Items from a dataset:
lemma so_rep_in_so: "so_rep n t \<in> so_mat (Suc n)"
  by (induction t)
    (auto simp: elem_skew_in_so so_mat_zero so_mat_add so_mat_smult so_mat_comm)

lemma so_rep_carrier [simp]: "so_rep n t \<in> carrier_mat (Suc n) (Suc n)"
  using so_rep_in_so by (simp add: so_mat_def)

lemma so_rep_dim [simp]: "dim_row (so_rep n t) = Suc n" "dim_col (so_rep n t) = Suc n"
  using so_rep_carrier[of n t] by (auto simp del: so_rep_carrier)

lemma so_rep_berman_relation:
  assumes "i < n" "j < n" "i \<noteq> j"
  shows "so_rep n (LBr (LGen i) (LBr (LGen i) (LGen j))) = so_rep n (LSmul (-1) (LGen j))"
  using assms
  by (simp add: mat_comm_elem_skew_common mat_comm_elem_skew_chain) (rule eq_matI, auto)

lemma so_rep_respects_kc_eq: "kc_eq n s t \<Longrightarrow> so_rep n s = so_rep n t"
proof (induction rule: kc_eq.induct)
  case (add_comm s t)
  show ?case by (simp add: comm_add_mat[of _ "Suc n" "Suc n"])
next
  case (br_add s t u)
  show ?case by (simp add: mat_comm_add_left[of _ "Suc n"])
next
  case (br_smul c s t)
  show ?case by (simp add: mat_comm_smult_left[of _ "Suc n"])
next
  case (br_alt s)
  show ?case by (simp add: mat_comm_self[of _ "Suc n"])
next
  case (jacobi s t u)
  show ?case by (simp only: so_rep.simps) (rule mat_comm_jacobi; simp)
next
  case (rel i j)
  then show ?case by (rule so_rep_berman_relation)
next
  case (add_inv s)
  show ?case by simp (rule eq_matI, auto)
next
  case (smul_add c s t)
  show ?case by simp (rule eq_matI, auto simp: algebra_simps)
next
  case (add_smul c d s)
  show ?case by simp (rule eq_matI, auto simp: algebra_simps)
next
  case (smul_smul c d s)
  show ?case by simp (rule eq_matI, auto)
next
  case (smul_one s)
  show ?case by simp (rule eq_matI, auto)
qed (auto simp: assoc_add_mat[of _ "Suc n" "Suc n"])

definition pair_term :: "nat \<Rightarrow> nat \<times> nat \<Rightarrow> lie_term" where
  "pair_term n x = (if snd x = n then LGen (fst x) else LBr (LGen (snd x)) (LGen (fst x)))"

lemma so_rep_pair_term:
  "p < q \<Longrightarrow> q \<le> n \<Longrightarrow> so_rep n (pair_term n (p, q)) = elem_skew (Suc n) p q"
  by (auto simp: pair_term_def mat_comm_elem_skew_common)

lemma pair_term_wf: "p < q \<Longrightarrow> q \<le> n \<Longrightarrow> kc_wf n (pair_term n (p, q))"
  by (auto simp: pair_term_def)

fun pair_comb :: "nat \<Rightarrow> (nat \<times> nat \<Rightarrow> real) \<Rightarrow> (nat \<times> nat) list \<Rightarrow> lie_term" where
  "pair_comb n c [] = LZero"
| "pair_comb n c (x # xs) = LAdd (LSmul (c x) (pair_term n x)) (pair_comb n c xs)"

lemma so_rep_pair_comb_index:
  "r < Suc n \<Longrightarrow> s < Suc n \<Longrightarrow>
   so_rep n (pair_comb n c xs) $$ (r, s) = (\<Sum>x\<leftarrow>xs. c x * so_rep n (pair_term n x) $$ (r, s))"
  by (induction xs) auto

lemma pair_comb_wf: "\<forall>x\<in>set xs. fst x < snd x \<and> snd x \<le> n \<Longrightarrow> kc_wf n (pair_comb n c xs)"
  by (induction xs) (auto intro: pair_term_wf)

lemma so_rep_surjective:
  assumes A: "A \<in> so_mat (Suc n)"
  shows "A \<in> so_rep n ` {t. kc_wf n t}"
proof -
  define P where "P = {(p, q). p < q \<and> q < Suc n}"
  have "finite P" unfolding P_def
    by (rule finite_subset[of _ "{..<Suc n} \<times> {..<Suc n}"]) auto
  define xs where "xs = sorted_list_of_set P"
  have set_xs: "set xs = P" and distinct_xs: "distinct xs"
    using \<open>finite P\<close> by (auto simp: xs_def)
  let ?t = "pair_comb n (\<lambda>x. A $$ x) xs"
  have "so_rep n ?t = A"
  proof (rule eq_matI)
    fix r s assume "r < dim_row A" "s < dim_col A"
    then have rs: "r < Suc n" "s < Suc n"
      using A by (auto simp: so_mat_def)
    have "so_rep n ?t $$ (r, s) = (\<Sum>x\<in>P. A $$ x * so_rep n (pair_term n x) $$ (r, s))"
      using rs set_xs distinct_xs by (simp add: so_rep_pair_comb_index sum_list_distinct_conv_sum_set)
    also have "\<dots> = (\<Sum>x\<in>P. A $$ x * elem_skew (Suc n) (fst x) (snd x) $$ (r, s))"
      by (intro sum.cong) (auto simp: P_def so_rep_pair_term)
    also have "\<dots> = A $$ (r, s)"
      unfolding P_def by (rule skew_expansion_index[OF A rs])
    finally show "so_rep n ?t $$ (r, s) = A $$ (r, s)" .
  qed (use A in \<open>auto simp: so_mat_def\<close>)
  moreover have "kc_wf n ?t"
    by (rule pair_comb_wf) (auto simp: set_xs P_def)
  ultimately show ?thesis
    by (intro image_eqI[of A _ ?t]) simp_all
qed

text \<open>The construction works for every n.\<close>
theorem mainTheorem12:
  fixes n :: nat
  assumes "n \<ge> 2"
  shows "\<exists>f. kc_hom_so n (n + 1) f \<and> so_mat (n + 1) \<subseteq> f ` {t. kc_wf n t}"
proof (intro exI conjI)
  show "kc_hom_so n (n + 1) (so_rep n)"
    unfolding kc_hom_so_def using so_rep_in_so so_rep_respects_kc_eq by auto
  show "so_mat (n + 1) \<subseteq> so_rep n ` {t. kc_wf n t}"
    using so_rep_surjective by auto
qed

end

▸ **Aim of the exercise**
Only those lines of the entries above that run from the line containing "n (LBr (LGen" to the line containing "case (br_smul c s t)", both included, should be transcribed exactly.

▸ **Answer for the task**
  shows "so_rep n (LBr (LGen i) (LBr (LGen i) (LGen j))) = so_rep n (LSmul (-1) (LGen j))"
  using assms
  by (simp add: mat_comm_elem_skew_common mat_comm_elem_skew_chain) (rule eq_matI, auto)

lemma so_rep_respects_kc_eq: "kc_eq n s t \<Longrightarrow> so_rep n s = so_rep n t"
proof (induction rule: kc_eq.induct)
  case (add_comm s t)
  show ?case by (simp add: comm_add_mat[of _ "Suc n" "Suc n"])
next
  case (br_add s t u)
  show ?case by (simp add: mat_comm_add_left[of _ "Suc n"])
next
  case (br_smul c s t)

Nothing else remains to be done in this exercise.